Au Burkina Faso, le régime de Blaise Compaoré vacille
Assemblée nationale incendiée, télévision publique prise d'assaut, violences en province: le Burkina Faso s'est enflammé jeudi contre le régime de Blaise Compaoré, au pouvoir depuis 27 ans. Le secrétaire général de l'ONU Ban Ki-moon va envoyer un émissaire pour tenter de mettre fin aux violences.

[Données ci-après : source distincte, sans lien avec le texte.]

text \<open>Local equation of {F=0} at P in the affine chart x_i <> 0 (i with P i <> 0),
  the remaining three coordinates (in increasing order) becoming y0,y1,y2.\<close>
definition local_germ :: "'k::field mpoly \<Rightarrow> (nat \<Rightarrow> 'k) \<Rightarrow> nat \<Rightarrow> 'k ps3" where
  "local_germ F P i = (\<lambda>(a,b,c).
     Poly_Mapping.lookup (mp_subst F (\<lambda>j. mp_const (P j) +
                (if j = i then 0 else mp_var (if j < i then j else j - 1))))
            (Poly_Mapping.single 0 a + Poly_Mapping.single 1 b + Poly_Mapping.single 2 c))"

definition K3_quartic :: "'k::field mpoly \<Rightarrow> bool" where
  "K3_quartic F \<longleftrightarrow> quartic_form F \<and>
     (\<forall>P. sing_pt F P \<longrightarrow> rational_double_point_germ (local_germ F P (LEAST i. P i \<noteq> 0)))"

definition bin_cubic :: "(nat \<Rightarrow> 'k::field) \<Rightarrow> nat \<Rightarrow> nat \<Rightarrow> 'k mpoly" where
  "bin_cubic c u v = (\<Sum>j\<le>3. mp_const (c j) * mp_var u ^ (3 - j) * mp_var v ^ j)"

definition twin_normal_form ::
  "(nat \<Rightarrow> 'k::field) \<Rightarrow> (nat \<Rightarrow> 'k) \<Rightarrow> (nat \<Rightarrow> 'k) \<Rightarrow> (nat \<Rightarrow> 'k) \<Rightarrow> 'k mpoly" where
  "twin_normal_form c0 c1 c2 c3 =
      mp_var 0 * bin_cubic c0 2 3 + mp_var 1 * bin_cubic c1 2 3
    + mp_var 2 * bin_cubic c2 0 1 + mp_var 3 * bin_cubic c3 0 1"

definition coord_line_sing0 :: "'k::field mpoly \<Rightarrow> nat \<Rightarrow> nat \<Rightarrow> bool" where
  "coord_line_sing0 F i j \<longleftrightarrow> \<not> (\<exists>P. sing_pt F P \<and> P i = 0 \<and> P j = 0)"

definition lin_form :: "(nat \<Rightarrow> 'k::field) \<Rightarrow> (nat \<Rightarrow> 'k) \<Rightarrow> 'k" where
  "lin_form w x = (\<Sum>j<4. w j * x j)"

text \<open>The plane Pi = {a x_0 + b x_1 = 0} containing l = {x_0 = x_1 = 0} is a p-fiber:
  the residual cubic E in Pi \<inter> X = l + E splits into three lines, i.e. F restricted to Pi
  is (equation of l in Pi) times a product of three linear forms, none vanishing on Pi.\<close>
definition p_fiber :: "'k::field mpoly \<Rightarrow> 'k \<Rightarrow> 'k \<Rightarrow> bool" where
  "p_fiber F a b \<longleftrightarrow> (\<exists>M0 L1 L2 L3.
      M0 2 = 0 \<and> M0 3 = 0 \<and>
      (\<forall>w\<in>{M0, L1, L2, L3}. \<exists>x. a * x 0 + b * x 1 = 0 \<and> lin_form w x \<noteq> 0) \<and>
      (\<forall>x. a * x 0 + b * x 1 = 0 \<longrightarrow>
           mp_eval F x = lin_form M0 x * lin_form L1 x * lin_form L2 x * lin_form L3 x))"

definition pt_on_l :: "'k::field \<Rightarrow> 'k \<Rightarrow> nat \<Rightarrow> 'k" where
  "pt_on_l y z = (\<lambda>j. if j = 2 then y else if j = 3 then z else 0)"

text \<open>For l = {x_0 = x_1 = 0} of singularity 0, pi restricted to l sends P in l to its
  tangent plane dF/dx_0(P) x_0 + dF/dx_1(P) x_1 = 0.  The fiber over the plane
  a x_0 + b x_1 = 0 is the zero set on l of the binary cubic
  b dF/dx_0 - a dF/dx_1; the plane is a branch point iff that fiber has a multiple point,
  i.e. the binary cubic has a repeated linear factor (v y - u z)^2.\<close>
definition branch_plane :: "'k::field mpoly \<Rightarrow> 'k \<Rightarrow> 'k \<Rightarrow> bool" where
  "branch_plane F a b \<longleftrightarrow> (\<exists>u v r s. (u, v) \<noteq> (0, 0) \<and>
     (\<forall>y z. b * pderiv_at F 0 (pt_on_l y z) - a * pderiv_at F 1 (pt_on_l y z)
            = (v * y - u * z)^2 * (r * y + s * z)))"

definition alg_closed_field :: "'k::field itself \<Rightarrow> bool" where
  "alg_closed_field _ \<longleftrightarrow> (\<forall>p::'k poly. degree p > 0 \<longrightarrow> (\<exists>x. poly p x = 0))"

end

theory Submission
  imports Defs
begin

text \<open>On the plane \<open>a x\<^sub>0 + b x\<^sub>1 = 0\<close>, parametrised as \<open>(b t, -a t, y, z)\<close>, the twin normal
  form restricts to \<open>t Q(y,z) + t\<^sup>3 (\<alpha> y + \<beta> z)\<close>, where \<open>Q = b C\<^sub>0 - a C\<^sub>1\<close> is the binary
  cubic whose zeros on \<open>l\<close> form the fibre of \<open>\<pi>|l\<close> over the plane, and \<open>\<alpha> = C\<^sub>2(b,-a)\<close>,
  \<open>\<beta> = C\<^sub>3(b,-a)\<close> do not both vanish, since otherwise \<open>(b : -a : 0 : 0)\<close> would be a singular
  point on \<open>l*\<close>. If the plane is a p-fiber, the restriction factors as
  \<open>\<mu> t (A\<^sub>1 t + l\<^sub>1) (A\<^sub>2 t + l\<^sub>2) (A\<^sub>3 t + l\<^sub>3)\<close> with linear forms \<open>l\<^sub>i(y,z)\<close>. Comparing
  coefficients of \<open>t\<close> over the infinite field \<open>k\<close>: the \<open>t\<^sup>4\<close> coefficient forces some \<open>A\<^sub>i = 0\<close>,
  say \<open>A\<^sub>3\<close>; the \<open>t\<^sup>3\<close> coefficient gives \<open>\<mu> A\<^sub>1 A\<^sub>2 l\<^sub>3 = \<alpha> y + \<beta> z \<noteq> 0\<close>; the \<open>t\<^sup>2\<close>
  coefficient gives \<open>l\<^sub>3 (A\<^sub>1 l\<^sub>2 + A\<^sub>2 l\<^sub>1) = 0\<close>, so \<open>l\<^sub>2\<close> is a multiple of \<open>l\<^sub>1\<close> and
  \<open>Q = \<mu> l\<^sub>1 l\<^sub>2 l\<^sub>3\<close> has the double factor \<open>l\<^sub>1\<^sup>2\<close>.

  Of the hypotheses only algebraic closedness (through the infinitude of \<open>k\<close>), the
  singularity-0 condition on \<open>l*\<close> and the p-fiber property are needed.\<close>

definition monomial_value :: "(nat \<Rightarrow>\<^sub>0 nat) \<Rightarrow> (nat \<Rightarrow> 'r::comm_ring_1) \<Rightarrow> 'r" where
  "monomial_value m x = (\<Prod>i\<in>Poly_Mapping.keys m. x i ^ Poly_Mapping.lookup m i)"

definition hom_eval :: "('k::field \<Rightarrow> 'r::comm_ring_1) \<Rightarrow> (nat \<Rightarrow> 'r) \<Rightarrow> 'k mpoly \<Rightarrow> 'r" where
  "hom_eval f x p = (\<Sum>m\<in>Poly_Mapping.keys p. f (Poly_Mapping.lookup p m) * monomial_value m x)"

lemma mp_eval_eq_hom_eval: "mp_eval p x = hom_eval (\<lambda>c. c) x p"
  by (simp add: mp_eval_def hom_eval_def monomial_value_def)

lemma mp_subst_eq_hom_eval: "mp_subst p q = hom_eval mp_const q p"
  by (simp add: mp_subst_def hom_eval_def monomial_value_def)

lemma monomial_value_superset:
  assumes "finite S" "Poly_Mapping.keys m \<subseteq> S"
  shows "monomial_value m x = (\<Prod>i\<in>S. x i ^ Poly_Mapping.lookup m i)"
  unfolding monomial_value_def
  by (rule prod.mono_neutral_left) (use assms in \<open>auto simp: in_keys_iff\<close>)

lemma monomial_value_add: "monomial_value (m + n) x = monomial_value m x * monomial_value n x"
proof -
  let ?S = "Poly_Mapping.keys m \<union> Poly_Mapping.keys n"
  have "monomial_value (m + n) x = (\<Prod>i\<in>?S. x i ^ Poly_Mapping.lookup (m + n) i)"
    by (rule monomial_value_superset) (auto dest: set_mp[OF keys_add])
  also have "\<dots> = (\<Prod>i\<in>?S. x i ^ Poly_Mapping.lookup m i) * (\<Prod>i\<in>?S. x i ^ Poly_Mapping.lookup n i)"
    by (simp add: lookup_add power_add prod.distrib)
  also have "\<dots> = monomial_value m x * monomial_value n x"
    by (subst (1 2) monomial_value_superset[of ?S]) auto
  finally show ?thesis .
qed

lemma monomial_value_0 [simp]: "monomial_value 0 x = 1"
  by (simp add: monomial_value_def)

lemma monomial_value_single [simp]: "monomial_value (Poly_Mapping.single i k) x = x i ^ k"
  by (cases "k = 0") (simp_all add: monomial_value_def)

lemma poly_mapping_sum_single_lookup:
  "p = (\<Sum>m\<in>Poly_Mapping.keys p. Poly_Mapping.single m (Poly_Mapping.lookup p m))"
  by (rule poly_mapping_eqI) (auto simp: lookup_sum lookup_single when_def in_keys_iff)

locale coeff_hom =
  fixes f :: "'k::field \<Rightarrow> 'r::comm_ring_1"
  assumes hom_0: "f 0 = 0" and hom_1: "f 1 = 1"
    and hom_add: "f (a + b) = f a + f b" and hom_mult: "f (a * b) = f a * f b"
begin

lemma hom_eval_0 [simp]: "hom_eval f x 0 = 0"
  by (simp add: hom_eval_def)

lemma hom_eval_add: "hom_eval f x (p + q) = hom_eval f x p + hom_eval f x q"
  unfolding hom_eval_def
  by (rule setsum_keys_plus_distrib) (simp_all add: hom_0 hom_add algebra_simps)

lemma hom_eval_single [simp]: "hom_eval f x (Poly_Mapping.single m c) = f c * monomial_value m x"
  by (cases "c = 0") (simp_all add: hom_eval_def hom_0)

lemma hom_eval_sum: "hom_eval f x (sum g A) = (\<Sum>a\<in>A. hom_eval f x (g a))"
  by (induction A rule: infinite_finite_induct) (simp_all add: hom_eval_add)

lemma hom_eval_mult: "hom_eval f x (p * q) = hom_eval f x p * hom_eval f x q"
proof -
  have "p * q = (\<Sum>m\<in>Poly_Mapping.keys p. \<Sum>n\<in>Poly_Mapping.keys q.
      Poly_Mapping.single (m + n) (Poly_Mapping.lookup p m * Poly_Mapping.lookup q n))"
    by (subst (1 2) poly_mapping_sum_single_lookup)
       (simp add: sum_distrib_left sum_distrib_right mult_single sum.swap[where B = "Poly_Mapping.keys p"])
  then have "hom_eval f x (p * q) = (\<Sum>m\<in>Poly_Mapping.keys p. \<Sum>n\<in>Poly_Mapping.keys q.
      f (Poly_Mapping.lookup p m) * monomial_value m x * (f (Poly_Mapping.lookup q n) * monomial_value n x))"
    by (simp add: hom_eval_sum hom_mult monomial_value_add algebra_simps)
  also have "\<dots> = hom_eval f x p * hom_eval f x q"
    by (simp add: hom_eval_def sum_product)
  finally show ?thesis .
qed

Dans la tourmente, le gouvernement annulait à la mi-journée le vote du projet de révision constitutionnelle qui a mis le feu aux poudres. Peu après, le président a prononcé la dissolution du gouvernement et décrété l'état d'urgence.
Dans un communiqué, Blaise Compaoré ajoute qu'il va ouvrir des négociations avec l'opposition, à qui il demande de mettre fin aux manifestations, rapporte une radio locale.
Ancien général plébiscité
Partenaires du Burkina Faso - qui joue un rôle-clef dans une zone sahélienne instable - Paris et Washington sont montés au créneau. La France, ex-puissance coloniale, a plaidé pour un "retour au calme", et les Etats-Unis ont exprimé leur "vive inquiétude".
Le général en retraite Kouamé Lougué, à qui des dizaines de milliers de manifestants demandaient de prendre le pouvoir, rencontrait dans l'après-midi l'état-major des armées. Il a lui-même été chef d'état-major des armées et ministre de la Défense jusqu'en 2003, avant d'être limogé.
Chaos à Ouagadougou
Pour le régime en place depuis le putsch de 1987, c'est la crise la plus grave depuis la vague de mutineries qui avait fait trembler le pouvoir en 2011. Des manifestations d'une telle ampleur contre les autorités sont rarissimes en Afrique subsaharienne.
La capitale Ouagadougou a sombré dans le chaos jeudi. Les forces de sécurité ont tiré à balles réelles, tuant trois manifestants qui tentaient d'attaquer le domicile du frère du président, rapportent les services d'urgence.
Assemblée nationale en feu
Les forces de l'ordre ont brièvement tenté d'arrêter les manifestants en tirant des gaz lacrymogènes, puis ils ont battu en retraite. Plus d'un millier de jeunes ont réussi à pénétrer dans le bâtiment et à le saccager, aux cris de "Libérez Kosyam" (le palais présidentiel).
Une partie de l'Assemblée nationale a été ravagée par les flammes. D'épaisses fumées noires s'échappaient des fenêtres brisées.
Télévision d'Etat pillée
Autre symbole du pouvoir attaqué: la Radiodiffusion télévision du Burkina (RTB). Plusieurs centaines d'individus sont entrés dans les locaux où ils ont pillé le matériel avant de quitter les lieux. Les transmissions ont été coupées.
Le Burkina a basculé dans la crise avec l'annonce, le 21 octobre, d'un projet de révision constitutionnelle portant de deux à trois le nombre maximal de quinquennats présidentiels.
Arrivé aux affaires il y a 27 ans, le président Blaise Compaoré doit achever l'an prochain son dernier mandat, après deux septennats (1992-2005) et deux quinquennats (2005-2015).
(ats / 30.10.2014 19h15)

Burkina : un général en retraite, soutenu par des manifestants, rencontre l'état-major des armées
Ouagadougou - Le général en retraite Kouamé Lougué, à qui des dizaines de milliers de manifestants ont demandé jeudi à Ouagadougou de prendre le pouvoir, rencontrait dans l'après-midi l'état-major des armées, a constaté l'AFP.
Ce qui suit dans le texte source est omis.